OTA 2008 Posters
Scientific Poster #124 Upper Extremity OTA-2008
The Use of Fiberwire Suture for Fixation of Olecranon Fractures: A Biomechanical Comparison of Various Fixation Techniques
William M. Hakeos, MD1 (b-Arthrex, Smith and Nephew); Christopher Wybo, MS1 (n);
Major Shane A. Knighton, PhD2 (n); Paul J. Dougherty, MD3 (n); Soheil Najibi, MD, PhD1 (n);
1Department of Orthopaedic Surgery, Henry Ford Health System, Detroit, Michigan, USA;
2Air Force Institute of Technology, Dayton, Ohio, USA;
3Department of Orthopaedic Surgery, University of Michigan, Ann Arbor, Michigan, USA
Purpose: Surgical fixation of the olecranon is a common procedure used in the setting of acute fracture or olecranon osteotomy for surgical exposure. While the tension band wire technique has traditionally been the standard of care, this procedure is known to have a high complication rate, often necessitating additional surgeries for removal of hardware. Various methods of fixation have been reported in the literature. This study was performed to explore the strength of fixation of three distinct constructs.
Methods: 23 cadaveric arms (10 matched pairs plus 3 single specimens; 7 males, average age 78.7 years; 5 females, average age 69.6 years) were dissected free of all soft tissue attachments with the exception of the triceps tendon insertion and the elbow capsule. A transverse olecranon fracture was created in the midportion of the semilunar notch using a sagittal saw. The specimens were then fixed in one of three methods: a single intramedullary screw (IMS, 7 specimens), an intramedullary screw with a 16-gauge stainless steel wire tension band (S+W, 8 specimens), or an intramedullary screw with a No. 2 Fiberwire suture tension band (S+F, 10 specimens). The elbows were then mounted on an Instron machine where load to failure was measured. Failure was defined as 2 mm of displacement at the fracture site and was measured with an extensometer. All elbows were loaded to failure at a rate of 1 mm/sec.
Results: The mean load to failure of the IMS group was 893 ± 781 N. The mean load to failure of the S+W group was 1686 ± 404 N, while the S+F group averaged 1599 ± 682 N.
Conclusion and Significance: No significant difference was found in the load to failure between the S+W and S+F groups (P = 0.346). Analysis of variance determined a statistically significant difference between the IMS and S+F or S+W groups (P = 0.0495). The use of either a standard tension band wire or a Fiberwire suture conferred additional stability to the intramedullary screw construct. We concluded that fixation of olecranon fractures with an intramedullary screw and either a stainless steel wire or a Fiberwire suture creates a construct of similar strength.
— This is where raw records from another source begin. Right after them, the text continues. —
lemma norm_weighted_batch_gradients_square_le:
  fixes gr :: "nat \<Rightarrow> 'a::real_normed_vector \<Rightarrow> 'b::real_normed_vector" and z :: 'a
  assumes p: "p permutes {1..n}" and b: "b \<ge> 1" and nm: "n = m * b" and i: "1 \<le> i" "i \<le> m"
    and a: "\<And>t. t \<in> {1..i} \<Longrightarrow> a t \<ge> 0"
    and lip: "\<And>u x y. u \<in> {1..n} \<Longrightarrow> norm (gr u x - gr u y) \<le> L * norm (x - y)"
  defines "gf \<equiv> (1 / real n) *\<^sub>R (\<Sum>u=1..n. gr u z)"
  defines "sig \<equiv> (1 / real n) * (\<Sum>u=1..n. (norm (gr u z - gf))\<^sup>2)"
  shows "(norm (\<Sum>t=1..i. a t *\<^sub>R ((1 / real b) *\<^sub>R (\<Sum>j\<in>batch b t. gr (p j) (Y t)))))\<^sup>2
     \<le> 3 * (\<Sum>t=1..i. a t) * Max (a ` {1..i}) * (L\<^sup>2 * (\<Sum>t=1..m. (norm (Y t - z))\<^sup>2) + real m * sig)
       + 3 * (\<Sum>t=1..i. a t)\<^sup>2 * (norm gf)\<^sup>2"
proof -
  let ?S = "\<Sum>t=1..i. a t" and ?M = "Max (a ` {1..i})"
  have ib: "i * b \<le> n"
    using nm i by simp
  have lip_p: "norm (gr (p j) x - gr (p j) y) \<le> L * norm (x - y)" if "j \<in> {1..n}" for j x y
    using lip permutes_in_image[OF p] that by blast
  have "(norm (\<Sum>j=1..n. batch_weight b i a j *\<^sub>R (gr (p j) z - gf)))\<^sup>2
      \<le> ?S * ?M / real b * (\<Sum>u=1..n. (norm (gr u z - gf))\<^sup>2)"
    by (rule norm_batch_weighted_sum_square_le[OF p b ib i(1) a])
  also have "\<dots> = ?S * ?M * (real m * sig)"
    using nm b by (simp add: sig_def)
  finally have "3 * (norm (\<Sum>j=1..n. batch_weight b i a j *\<^sub>R (gr (p j) z - gf)))\<^sup>2
      \<le> 3 * ?S * ?M * (real m * sig)"
    by simp
  moreover have "(norm (\<Sum>t=1..i. a t *\<^sub>R ((1 / real b) *\<^sub>R (\<Sum>j\<in>batch b t. gr (p j) (Y t)))))\<^sup>2
     \<le> 3 * ?S * ?M * (L\<^sup>2 * (\<Sum>t=1..m. (norm (Y t - z))\<^sup>2))
       + 3 * (norm (\<Sum>j=1..n. batch_weight b i a j *\<^sub>R (gr (p j) z - gf)))\<^sup>2 + 3 * ?S\<^sup>2 * (norm gf)\<^sup>2"
    by (rule norm_weighted_batch_means_square_le[OF b nm i(2) a lip_p])
  ultimately show ?thesis
    by (simp add: distrib_left)
qed

lemma mean_norm_weighted_batch_gradients_square_le:
  fixes gr :: "nat \<Rightarrow> 'a::real_normed_vector \<Rightarrow> 'b::real_inner" and z :: 'a
    and Y :: "(nat \<Rightarrow> nat) \<Rightarrow> nat \<Rightarrow> 'a"
  assumes b: "b \<ge> 1" and nm: "n = m * b" and i: "1 \<le> i" "i \<le> m"
    and a: "\<And>t. t \<in> {1..i} \<Longrightarrow> a t \<ge> 0"
    and lip: "\<And>u x y. u \<in> {1..n} \<Longrightarrow> norm (gr u x - gr u y) \<le> L * norm (x - y)"
  defines "gf \<equiv> (1 / real n) *\<^sub>R (\<Sum>u=1..n. gr u z)"
  defines "sig \<equiv> (1 / real n) * (\<Sum>u=1..n. (norm (gr u z - gf))\<^sup>2)"
  defines "P \<equiv> {p. p permutes {1..n}}"
  shows "(\<Sum>p\<in>P. (norm (\<Sum>t=1..i. a t *\<^sub>R ((1 / real b) *\<^sub>R (\<Sum>j\<in>batch b t. gr (p j) (Y p t)))))\<^sup>2)
        / real (card P)
     \<le> 3 * (\<Sum>t=1..i. a t) * Max (a ` {1..i}) *
         (L\<^sup>2 * (\<Sum>t=1..m. (\<Sum>p\<in>P. (norm (Y p t - z))\<^sup>2) / real (card P)) + sig / real b)
       + 3 * (\<Sum>t=1..i. a t)\<^sup>2 * (norm gf)\<^sup>2"
proof -
  let ?S = "\<Sum>t=1..i. a t" and ?M = "Max (a ` {1..i})" and ?c = "real (card P)"
  define Q where "Q p = (\<Sum>t=1..m. (norm (Y p t - z))\<^sup>2)" for p
  define W where "W p = (norm (\<Sum>j=1..n. batch_weight b i a j *\<^sub>R (gr (p j) z - gf)))\<^sup>2" for p
  have ib: "i * b \<le> n"
    using nm i by simp
  have c: "?c > 0"
    using card_permutations[of "{1..n}" n] by (simp add: P_def)
  have e0: "(\<Sum>u=1..n. gr u z - gf) = 0"
    using nm i b unfolding gf_def by (intro sum_minus_mean_eq_0) simp
  have W: "(\<Sum>p\<in>P. W p) / ?c \<le> ?S * ?M / real b * sig"
    unfolding W_def P_def sig_def by (rule mean_norm_batch_weighted_sum_square_le[OF b ib i(1) a e0])
  have "(\<Sum>p\<in>P. (norm (\<Sum>t=1..i. a t *\<^sub>R ((1 / real b) *\<^sub>R (\<Sum>j\<in>batch b t. gr (p j) (Y p t)))))\<^sup>2)
      \<le> (\<Sum>p\<in>P. 3 * ?S * ?M * (L\<^sup>2 * Q p) + 3 * W p + 3 * ?S\<^sup>2 * (norm gf)\<^sup>2)"
  proof (rule sum_mono)
    fix p assume "p \<in> P"
    then have lip_p: "norm (gr (p j) x - gr (p j) y) \<le> L * norm (x - y)" if "j \<in> {1..n}" for j x y
      using lip permutes_in_image[of p "{1..n}"] that by (auto simp: P_def)
    show "(norm (\<Sum>t=1..i. a t *\<^sub>R ((1 / real b) *\<^sub>R (\<Sum>j\<in>batch b t. gr (p j) (Y p t)))))\<^sup>2
        \<le> 3 * ?S * ?M * (L\<^sup>2 * Q p) + 3 * W p + 3 * ?S\<^sup>2 * (norm gf)\<^sup>2"
      unfolding Q_def W_def by (rule norm_weighted_batch_means_square_le[OF b nm i(2) a lip_p])
  qed
  then have "(\<Sum>p\<in>P. (norm (\<Sum>t=1..i. a t *\<^sub>R ((1 / real b) *\<^sub>R (\<Sum>j\<in>batch b t. gr (p j) (Y p t)))))\<^sup>2)
        / ?c
      \<le> 3 * ?S * ?M * (L\<^sup>2 * ((\<Sum>p\<in>P. Q p) / ?c)) + 3 * ((\<Sum>p\<in>P. W p) / ?c)
        + 3 * ?S\<^sup>2 * (norm gf)\<^sup>2"
    using c by (simp only: sum.distrib flip: sum_distrib_left) (simp add: field_simps)
  also have "(\<Sum>p\<in>P. Q p) / ?c = (\<Sum>t=1..m. (\<Sum>p\<in>P. (norm (Y p t - z))\<^sup>2) / ?c)"
    by (simp add: Q_def sum.swap[of _ P] sum_divide_distrib)
  finally show ?thesis
    using W by (simp add: distrib_left)
qed

section \<open>The RRM iterates\<close>

lemma rrm_D_eq:
  "rrm_D g b m alpha beta lam prm x1 k t
     = (1 / real b) *\<^sub>R (\<Sum>j\<in>batch b t. g (prm k j) (rrm_Yhat g b m alpha beta lam prm x1 k t))"
  by (simp add: rrm_D_def rrm_dir_def rrm_Yhat_def batch_def)

lemma rrm_state_cong:
  "(\<And>j. 1 \<le> j \<Longrightarrow> j \<le> K \<Longrightarrow> prm j = prm' j) \<Longrightarrow>
   rrm_state g b m alpha beta lam prm x1 K = rrm_state g b m alpha beta lam prm' x1 K"
  by (induction K) auto

lemma rrm_epoch_update:
  assumes "k \<ge> 1"
  shows "rrm_z g b m alpha beta lam (prm(k := p)) x1 k = rrm_z g b m alpha beta lam prm x1 k"
    and "rrm_Yhat g b m alpha beta lam (prm(k := p)) x1 k t
       = rrm_yhat g b (alpha k) beta lam p
           (rrm_xt g b m alpha beta lam prm x1 k) (rrm_x g b m alpha beta lam prm x1 k) t"
proof -
  have "rrm_state g b m alpha beta lam (prm(k := p)) x1 (k - 1) = rrm_state g b m alpha beta lam prm x1 (k - 1)"
    using assms by (intro rrm_state_cong) auto
  then show "rrm_z g b m alpha beta lam (prm(k := p)) x1 k = rrm_z g b m alpha beta lam prm x1 k"
    and "rrm_Yhat g b m alpha beta lam (prm(k := p)) x1 k t
       = rrm_yhat g b (alpha k) beta lam p
           (rrm_xt g b m alpha beta lam prm x1 k) (rrm_x g b m alpha beta lam prm x1 k) t"
    by (simp_all add: rrm_z_def rrm_xt_def rrm_x_def rrm_Yhat_def)
qed

lemma Ek_eq_average:
  "Ek n prm k X = (\<Sum>p\<in>{p. p permutes {1..n}}. X (prm(k := p))) / real (card {p. p permutes {1..n}})"
proof -
  have "{p. p permutes {1..n}} \<noteq> {}"
    using permutes_id by blast
  moreover have "finite {p. p permutes {1..n}}"
    by (simp add: finite_permutations)
  ultimately show ?thesis
    unfolding Ek_def by (rule integral_pmf_of_set)
qed

theorem lemmaB1:
  fixes n b :: nat and f :: "nat \<Rightarrow> 'a::euclidean_space \<Rightarrow> real" and gr :: "nat \<Rightarrow> 'a \<Rightarrow> 'a"
    and L fbar beta lam :: real and alpha :: "nat \<Rightarrow> real" and x1 :: 'a
  defines "m \<equiv> n div b"
  defines "gradf \<equiv> (\<lambda>x. (1 / real n) *\<^sub>R (\<Sum>t=1..n. gr t x))"
  defines "sigma2 \<equiv> (\<lambda>prm k. (1 / real n) * (\<Sum>t=1..n.
              (norm (gr t (rrm_z gr b m alpha beta lam prm x1 k) - gradf (rrm_z gr b m alpha beta lam prm x1 k)))\<^sup>2))"
  assumes n_pos: "n \<ge> 1" and b_pos: "b \<ge> 1" and b_dvd: "b dvd n"
    and grad: "\<And>i x. i \<in> {1..n} \<Longrightarrow> GDERIV (f i) x :> gr i x"
    and grad_cont: "\<And>i. i \<in> {1..n} \<Longrightarrow> continuous_on UNIV (gr i)"
    and L_pos: "L > 0"
    and lip: "\<And>i x y. i \<in> {1..n} \<Longrightarrow> norm (gr i x - gr i y) \<le> L * norm (x - y)"
    and lower: "\<And>i x. i \<in> {1..n} \<Longrightarrow> f i x \<ge> fbar"
    and beta: "0 \<le> beta" "beta < 1"
    and alpha_pos: "\<And>k. k \<ge> 1 \<Longrightarrow> alpha k > 0"
  shows
   "(\<forall>prm. (\<forall>j\<ge>1. prm j permutes {1..n}) \<longrightarrow>
      (\<forall>k\<ge>1. \<forall>i\<in>{1..m}. \<forall>a::nat \<Rightarrow> real. (\<forall>t\<in>{1..i}. a t \<ge> 0) \<longrightarrow>
        (norm (\<Sum>t=1..i. a t *\<^sub>R rrm_D gr b m alpha beta lam prm x1 k t))\<^sup>2
        \<le> 3 * (\<Sum>t=1..i. a t) * Max (a ` {1..i}) *
             (L\<^sup>2 * (\<Sum>t=1..m. (norm (rrm_Yhat gr b m alpha beta lam prm x1 k t - rrm_z gr b m alpha beta lam prm x1 k))\<^sup>2)
              + real m * sigma2 prm k)
          + 3 * (\<Sum>t=1..i. a t)\<^sup>2 * (norm (gradf (rrm_z gr b m alpha beta lam prm x1 k)))\<^sup>2))
    \<and>
    (\<forall>prm. (\<forall>j\<ge>1. prm j permutes {1..n}) \<longrightarrow>
      (\<forall>k\<ge>1. \<forall>i\<in>{1..m}. \<forall>a::nat \<Rightarrow> real. (\<forall>t\<in>{1..i}. a t \<ge> 0) \<longrightarrow>
        Ek n prm k (\<lambda>prm'. (norm (\<Sum>t=1..i. a t *\<^sub>R rrm_D gr b m alpha beta lam prm' x1 k t))\<^sup>2)
        \<le> 3 * (\<Sum>t=1..i. a t) * Max (a ` {1..i}) *
             (L\<^sup>2 * (\<Sum>t=1..m. Ek n prm k (\<lambda>prm'.
                 (norm (rrm_Yhat gr b m alpha beta lam prm' x1 k t - rrm_z gr b m alpha beta lam prm' x1 k))\<^sup>2))
              + sigma2 prm k / real b)
          + 3 * (\<Sum>t=1..i. a t)\<^sup>2 * (norm (gradf (rrm_z gr b m alpha beta lam prm x1 k)))\<^sup>2))"
proof -
  have nm: "n = m * b"
    using b_dvd unfolding m_def by simp
  show ?thesis
    apply (intro conjI allI impI ballI)
    subgoal for prm k i a
      unfolding rrm_D_eq sigma2_def gradf_def
      using norm_weighted_batch_gradients_square_le[OF _ b_pos nm _ _ _ lip, where p = "prm k" and i = i and a = a
          and Y = "rrm_Yhat gr b m alpha beta lam prm x1 k" and z = "rrm_z gr b m alpha beta lam prm x1 k"]
      by simp
    subgoal for prm k i a
      unfolding Ek_eq_average rrm_D_eq rrm_epoch_update sigma2_def gradf_def
      using mean_norm_weighted_batch_gradients_square_le[OF b_pos nm _ _ _ lip, where i = i and a = a
          and z = "rrm_z gr b m alpha beta lam prm x1 k"
          and Y = "\<lambda>p. rrm_yhat gr b (alpha k) beta lam p
                 (rrm_xt gr b m alpha beta lam prm x1 k) (rrm_x gr b m alpha beta lam prm x1 k)"]
      by simp
    done
qed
If noted, the author indicates something of value received. The codes are identified as a-research or institutional support; b-miscellaneous funding; c-royalties; d-stock options; e-consultant or employee; n-no conflicts disclosed, and *disclosure not available at time of printing.
• The FDA has not cleared this drug and/or medical device for the use described in this presentation (i.e., the drug or medical device is being discussed for an “off label” use). ◆FDA information not available at time of printing. Δ OTA Grant.